Source: kaaltv.com
Author: staff

Fighting cancer is not easy. Chemotherapy, radiation and surgery can be very hard on your body. Take head and neck cancers, for example. These tumors are often hard to reach. Doctors have to cut through bones such as your jaw to reach them.

Now, doctors at Mayo Clinic are using robots to access these cancers leaving face bones intact. Roger Combs may be having a tough time beating his wife Gloria at a game of gin rummy. But he’s winning a much tougher battle; a fight against cancer that formed at the base of his tongue.

“I really didn’t feel badly. I had some difficulty swallowing,” he says.

Roger’s doctors told him the cancer had to be removed.

“But the tongue and tonsillar area is a very hard area to get to,” says Dr. Eric Moore.

Dr. Moore says traditional surgery often involves splitting the jawbone open to access the tumor.

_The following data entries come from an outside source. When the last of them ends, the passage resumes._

(* Let $\Lambda$ be a lattice and $\Lambda'\subseteq\Lambda$ a sublattice of finite index. Then $\Lambda'$ is characteristic if and only if the index of $\Lambda'$ in $\Lambda$ is coprime to $p$.
   Context: $K=\mathrm{GF}(p^r)$, $\bar K$ an algebraic closure; a lattice is a free abelian group of finite rank. A sublattice $\Lambda'\subseteq\Lambda$ is characteristic if $\Lambda'=\bigcap_{i=1}^m\ker(\theta_i)$ for some finitely many homomorphisms $\theta_1,\ldots,\theta_m:\Lambda\to\bar K^\times$. *)

theory Defs
  imports "HOL-Algebra.Algebraic_Closure_Type"
begin

text \<open>A lattice of rank n is modelled (up to isomorphism) as Z^n, realised as
  integer sequences supported on the indices 0..n-1.\<close>
definition lat :: "nat \<Rightarrow> (nat \<Rightarrow> int) set" where
  "lat n = {x. \<forall>i\<ge>n. x i = 0}"

definition vadd :: "(nat \<Rightarrow> int) \<Rightarrow> (nat \<Rightarrow> int) \<Rightarrow> (nat \<Rightarrow> int)" where
  "vadd x y = (\<lambda>i. x i + y i)"

definition sublattice :: "nat \<Rightarrow> (nat \<Rightarrow> int) set \<Rightarrow> bool" where
  "sublattice n L \<longleftrightarrow> L \<subseteq> lat n \<and> (\<lambda>_. 0) \<in> L \<and> (\<forall>x\<in>L. \<forall>y\<in>L. vadd x y \<in> L) \<and> (\<forall>x\<in>L. (\<lambda>i. - x i) \<in> L)"

definition cosets :: "nat \<Rightarrow> (nat \<Rightarrow> int) set \<Rightarrow> (nat \<Rightarrow> int) set set" where
  "cosets n L = (\<lambda>x. vadd x ` L) ` lat n"

definition lat_index :: "nat \<Rightarrow> (nat \<Rightarrow> int) set \<Rightarrow> nat" where
  "lat_index n L = card (cosets n L)"

definition lat_hom :: "nat \<Rightarrow> ((nat \<Rightarrow> int) \<Rightarrow> 'k::field) \<Rightarrow> bool" where
  "lat_hom n \<theta> \<longleftrightarrow> (\<forall>x\<in>lat n. \<theta> x \<noteq> 0) \<and> (\<forall>x\<in>lat n. \<forall>y\<in>lat n. \<theta> (vadd x y) = \<theta> x * \<theta> y)"

definition characteristic :: "'k::field itself \<Rightarrow> nat \<Rightarrow> (nat \<Rightarrow> int) set \<Rightarrow> bool" where
  "characteristic _ n L \<longleftrightarrow>
     (\<exists>m (\<theta>s :: nat \<Rightarrow> (nat \<Rightarrow> int) \<Rightarrow> 'k).
        (\<forall>i<m. lat_hom n (\<theta>s i)) \<and> L = {x\<in>lat n. \<forall>i<m. \<theta>s i x = 1})"

end

theory Submission
  imports Defs "HOL-Algebra.Sylow" "HOL-Library.Function_Algebras" "HOL-Number_Theory.Residues"
begin

text \<open>Let \<open>K\<close> be the algebraic closure, of characteristic \<open>p\<close>, and \<open>N\<close> the index.
  If \<open>p\<close> divides \<open>N\<close>, Cauchy's theorem in \<open>\<Lambda>/\<Lambda>'\<close> gives \<open>x \<notin> \<Lambda>'\<close> with \<open>p x \<in> \<Lambda>'\<close>; every
  character \<open>\<theta>\<close> trivial on \<open>\<Lambda>'\<close> then satisfies \<open>\<theta>(x)\<^sup>p = 1\<close>, hence \<open>\<theta>(x) = 1\<close> because there are no
  nontrivial \<open>p\<close>-th roots of unity in characteristic \<open>p\<close>. So \<open>x\<close> lies in every intersection of
  such kernels, and \<open>\<Lambda>'\<close> is not characteristic.

  Conversely, if \<open>N\<close> is prime to \<open>p\<close>, the order \<open>k > 1\<close> of any \<open>x \<notin> \<Lambda>'\<close> modulo \<open>\<Lambda>'\<close> divides \<open>N\<close>,
  so \<open>K\<close> has a \<open>k\<close>-th root of unity \<open>c \<noteq> 1\<close>. The character of \<open>\<Lambda>' + \<int>x\<close> that is trivial on
  \<open>\<Lambda>'\<close> and sends \<open>x\<close> to \<open>c\<close> extends to \<open>\<Lambda>\<close>, one basis vector at a time, because \<open>K\<^sup>*\<close> is
  divisible. One such character for each of the finitely many nontrivial cosets cuts out \<open>\<Lambda>'\<close>.\<close>

section \<open>Additive subgroups and integer multiples\<close>

lemma of_int_fun_apply [simp]: "(of_int t :: 'a \<Rightarrow> 'b::ring_1) x = of_int t"
  by (cases t rule: int_cases) (simp_all add: of_nat_fun)

definition add_subgroup :: "'a::ab_group_add set \<Rightarrow> bool" where
  "add_subgroup M \<longleftrightarrow> 0 \<in> M \<and> (\<forall>x\<in>M. \<forall>y\<in>M. x + y \<in> M) \<and> (\<forall>x\<in>M. - x \<in> M)"

lemma add_subgroup_diff:
  "add_subgroup M \<Longrightarrow> x \<in> M \<Longrightarrow> y \<in> M \<Longrightarrow> x - y \<in> M"
  unfolding add_subgroup_def by (metis diff_conv_add_uminus)

lemma add_subgroup_of_int_mult:
  fixes x :: "'a::comm_ring_1"
  assumes M: "add_subgroup M" and x: "x \<in> M"
  shows "of_int t * x \<in> M"
proof (induction t rule: int_induct[where k = 0])
  case base
  then show ?case using M by (simp add: add_subgroup_def)
next
  case (step1 t)
  then show ?case using M x by (simp add: add_subgroup_def distrib_right)
next
  case (step2 t)
  then show ?case using add_subgroup_diff[OF M _ x] by (simp add: left_diff_distrib)
qed

lemma add_subgroup_group_closure_eq:
  assumes "add_subgroup M"
  shows "group_closure M = M"
proof
  show "group_closure M \<subseteq> M"
  proof
    fix s assume "s \<in> group_closure M"
    then show "s \<in> M"
      by induction (use assms add_subgroup_diff in \<open>auto simp: add_subgroup_def\<close>)
  qed
qed (auto intro: group_closure.base)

“And obviously that’s disfiguring, interferes with speech and swallowing and it takes a lot of time to recover, ” he says.

So instead, Dr. Moore used a robot to remove Roger’s cancer.

The operation involves lowering the robotic equipment through Roger’s mouth to the site of the tumor.

While seated at a control panel Dr. Moore then guides the robot as it removes the cancer without damaging surrounding structures.

After Roger healed from the operation, he went through radiation and chemotherapy – both of which were not easy.

“We’ve had some ups and downs as you might expect,” says Roger.

But having had a minimally invasive surgery first made the process much more tolerable.

Now, about eight months after surgery, Roger continues to win his fight against cancer. Roger says the only major issue after his operation is that it’s taken him a while to be able to eat everything he likes. He says he’s looking forward to gaining back the weight he lost.